Enter Emma Dinsmore (she of the appropriately literary name), a stenographer lured to Alex's apartment under false pretenses, but who stays to take dictation of his novel because, well, there's just something intriguing about him. Maybe it's his lame introduction during which, in less than two minutes, he crudely reveals his attraction to her -- she seems like a good potential lay.

So Alex and Emma "work" together -- he spouts out a novel that doesn't even qualify as bad romance and she interrupts constantly -- over the next few weeks, heading for the inevitable bedroom scene. Meanwhile, we are ferried back and forth from their contemporary setup to the workings of Alex's "novel," a romance set on an island off the coast of Maine in the 1920s.
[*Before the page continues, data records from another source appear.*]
lemma ratio_tail_rescaled_tendsto:
  fixes p :: "nat \<Rightarrow> real"
  assumes p: "p \<longlonglongrightarrow> 0" "\<And>N. 0 < p N"
    and s: "filterlim (\<lambda>N. p N * real N) at_top sequentially" and u: "0 \<le> u"
  shows "(\<lambda>N. ratio_tail (p N) N (u / (p N * real N))) \<longlonglongrightarrow> exp (- u)"
proof (rule ratio_tail_tendsto_exp[OF p])
  define s where "s N = p N * real N" for N
  have s_inv: "(\<lambda>N. inverse (s N)) \<longlonglongrightarrow> 0"
    using s unfolding s_def by (rule tendsto_inverse_0_at_top)
  have u_lt: "\<forall>\<^sub>F N in sequentially. u < s N"
    using s unfolding s_def filterlim_at_top_dense by blast
  then show "\<forall>\<^sub>F N in sequentially. 0 \<le> u / (p N * real N) \<and> u / (p N * real N) < 1"
    by eventually_elim (use u in \<open>auto simp: s_def\<close>)
  have "(\<lambda>N. u * (1 - p N * inverse (s N)) / (1 - u * inverse (s N))) \<longlonglongrightarrow> u * (1 - 0 * 0) / (1 - u * 0)"
    by (intro tendsto_intros p s_inv) auto
  moreover have "\<forall>\<^sub>F N in sequentially. u * (1 - p N * inverse (s N)) / (1 - u * inverse (s N))
      = p N * (real N - 1) * (u / (p N * real N) / (1 - u / (p N * real N)))"
    using u_lt eventually_ge_at_top[of 1]
  proof eventually_elim
    case (elim N)
    then have "0 < s N" "s N \<noteq> u"
      using u by auto
    then show ?case
      using p(2)[of N] elim by (simp add: s_def field_simps)
  qed
  ultimately show "(\<lambda>N. p N * (real N - 1) * (u / (p N * real N) / (1 - u / (p N * real N)))) \<longlonglongrightarrow> u"
    using Lim_transform_eventually by fastforce
qed

lemma scaled_param_tendsto_at_top:
  assumes "0 < \<kappa>" "\<beta> < 1"
  shows "filterlim (\<lambda>N. geom_param \<kappa> \<beta> N * real N) at_top sequentially"
proof -
  have "(\<lambda>N. \<kappa> powr \<beta> * real N powr (\<beta> - 1)) \<longlonglongrightarrow> \<kappa> powr \<beta> * 0"
    using assms by (intro tendsto_intros tendsto_neg_powr filterlim_real_sequentially) auto
  moreover have "\<forall>\<^sub>F N in sequentially. \<kappa> powr \<beta> * real N powr (\<beta> - 1) = inverse (geom_param \<kappa> \<beta> N * real N)"
    using eventually_gt_at_top[of 0]
    by eventually_elim (use assms(1) in \<open>simp add: geom_param_mult_N powr_minus[symmetric] inverse_mult_distrib\<close>)
  ultimately have "(\<lambda>N. inverse (geom_param \<kappa> \<beta> N * real N)) \<longlonglongrightarrow> 0"
    using Lim_transform_eventually by fastforce
  moreover have "\<forall>\<^sub>F N in sequentially. 0 < inverse (geom_param \<kappa> \<beta> N * real N)"
    using eventually_gt_at_top[of 0] by eventually_elim (simp add: geom_param_pos)
  ultimately have "filterlim (\<lambda>N. inverse (inverse (geom_param \<kappa> \<beta> N * real N))) at_top sequentially"
    by (rule filterlim_inverse_at_top)
  then show ?thesis
    by simp
qed

lemma scaled_power_M_tendsto_fact:
  assumes "0 < \<kappa>" "0 < \<beta>" "\<beta> < 1" "1 \<le> n"
  shows "(\<lambda>N. (geom_param \<kappa> \<beta> N * real N) ^ n * M \<kappa> \<beta> N n) \<longlonglongrightarrow> fact n"
proof -
  define p where "p = geom_param \<kappa> \<beta>"
  define g where "g N u = indicator {0..} u * (real n * u ^ (n - 1)) * ratio_tail (p N) N (u / (p N * real N))"
    for N and u :: real
  have p0: "p \<longlonglongrightarrow> 0"
    unfolding p_def using assms(1,2) by (rule geom_param_tendsto_0)
  have p_pos: "0 < p N" for N
    by (simp add: p_def geom_param_pos)
  have "(\<lambda>N. \<integral>u. g N u \<partial>lborel) \<longlonglongrightarrow> (\<integral>u. indicator {0..} u * (real n * u ^ (n - 1)) * exp (- u) \<partial>lborel)"
  proof (rule integral_dominated_convergence_eventually)
    show "(\<lambda>u. indicator {0..} u * (real n * u ^ (n - 1)) * exp (- u)) \<in> borel_measurable lborel"
      "g N \<in> borel_measurable lborel" for N
      unfolding g_def[abs_def] measurable_lborel2 by measurable
    show "integrable lborel (\<lambda>u. exp 1 * real n * (indicator {0..} u * u ^ (n - 1) * exp (- (1 / 2 * u))))"
      by (intro integrable_mult_right integrable_power_mult_exp_Ici) simp
    have s_top: "filterlim (\<lambda>N. p N * real N) at_top sequentially"
      unfolding p_def using assms(1,3) by (rule scaled_param_tendsto_at_top)
    show "AE u in lborel. (\<lambda>N. g N u) \<longlonglongrightarrow> indicator {0..} u * (real n * u ^ (n - 1)) * exp (- u)"
    proof (rule AE_I2)
      fix u :: real
      show "(\<lambda>N. g N u) \<longlonglongrightarrow> indicator {0..} u * (real n * u ^ (n - 1)) * exp (- u)"
        using s_top p0 p_pos
        by (cases "0 \<le> u") (auto simp: g_def intro!: tendsto_mult_left ratio_tail_rescaled_tendsto)
    qed
    have "\<forall>\<^sub>F N in sequentially. p N < 1"
      using order_tendstoD(2)[OF p0, of 1] by simp
    then show "\<forall>\<^sub>F N in sequentially. \<forall>u. \<bar>g N u\<bar>
        \<le> exp 1 * real n * (indicator {0..} u * u ^ (n - 1) * exp (- (1 / 2 * u)))"
      using eventually_ge_at_top[of 2]
      unfolding g_def by eventually_elim (intro allI abs_rescaled_integrand_le p_pos; simp)
  qed
  moreover have "\<forall>\<^sub>F N in sequentially. (\<integral>u. g N u \<partial>lborel) = (geom_param \<kappa> \<beta> N * real N) ^ n * M \<kappa> \<beta> N n"
    using eventually_ge_at_top[of 1]
    by eventually_elim (simp add: g_def p_def scaled_power_M_eq_integral[OF _ assms(4)])
  moreover have "(\<integral>u. indicator {0..} u * (real n * u ^ (n - 1)) * exp (- u) \<partial>lborel) = fact n"
    using integral_power_mult_exp_Ici[of "n - 1"] assms(4)
    by (simp add: mult_ac fact_reduce[of n])
  ultimately show ?thesis
    using Lim_transform_eventually by fastforce
qed

lemma scaled_param_power_eq:
  assumes "0 < \<kappa>" "0 < N"
  shows "(geom_param \<kappa> \<beta> N * real N) ^ n
       = inverse (\<kappa> powr (real n * \<beta>) * real N powr (- (real n * (1 - \<beta>))))"
  using assms
  by (simp add: geom_param_mult_N power_mult_distrib powr_power powr_minus inverse_mult_distrib
      power_inverse)

lemma M_asymp_equiv:
  assumes "0 < \<kappa>" "0 < \<beta>" "\<beta> < 1"
  shows "(\<lambda>N. M \<kappa> \<beta> N n) \<sim>[at_top]
    (\<lambda>N. fact n * \<kappa> powr (real n * \<beta>) * real N powr (- (real n * (1 - \<beta>))))"
proof (cases "n = 0")
  case True
  have "\<forall>\<^sub>F N in at_top. M \<kappa> \<beta> N n = fact n * \<kappa> powr (real n * \<beta>) * real N powr (- (real n * (1 - \<beta>)))"
    using eventually_gt_at_top[of 0] by eventually_elim (use assms(1) in \<open>simp add: True\<close>)
  then show ?thesis
    by (rule asymp_equiv_refl_ev)
next
  case False
  have "(\<lambda>N. (geom_param \<kappa> \<beta> N * real N) ^ n * M \<kappa> \<beta> N n / fact n) \<longlonglongrightarrow> fact n / fact n"
    using assms False by (intro tendsto_divide scaled_power_M_tendsto_fact tendsto_const) auto
  moreover have "\<forall>\<^sub>F N in sequentially. (geom_param \<kappa> \<beta> N * real N) ^ n * M \<kappa> \<beta> N n / fact n
      = M \<kappa> \<beta> N n / (fact n * \<kappa> powr (real n * \<beta>) * real N powr (- (real n * (1 - \<beta>))))"
    using eventually_gt_at_top[of 0]
  proof eventually_elim
    case (elim N)
    with assms(1) show ?case
      by (subst scaled_param_power_eq) (simp_all add: field_simps)
  qed
  ultimately show ?thesis
    by (intro asymp_equivI') (simp add: Lim_transform_eventually)
qed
There, young gigolo Adam (also played by Wilson) tries to win the affection of wealthy heiress Polina (Sophie Marceau) but is distracted by a series of multinational au pairs, all played by Hudson.

It's hard to tell whether Reiner and screenwriter Jeremy Leven intended to be farcical with the character of the novelist; Alex's prose is bad beyond belief. They were reportedly borrowing from Feodor Dostoevski's short novella The Gambler, in which the author, racing to finish a novel and settle a gambling debt, falls in love with his typist. But their idea of how to make the characters contemporary is to make them mouthy, crass, emotionally insecure, pouty ... and hot!

Spare us. In a scene that is supposed to foreshadow a rising love interest between Alex and Emma, Swedish au pair Ylva (Hudson) pours scalding water from a teapot onto Adam's crotch. "Maybe you can blow on it," he suggests and in what will hopefully be the young actress' most embarrassing film moment, she gets down on her knees and does so. It's a laugh a minute.

I knew it was going south when, in one scene, Alex, dictating to Emma, never misses a beat and keeps blabbering while taking a piss with the bathroom door open. Titillating. Later, she yells through the closed door while taking a somewhat more delicate pee. It's a match made in heaven.

Mr. Reiner inserts himself into the film as the sleazy publisher who whips off a check for $125,000 to Alex on the completion of his novel, declaring it great. It's a fitting conceit for a director who gets richer every time he cranks out a movie, even one as abysmal and worthless as Alex and Emma.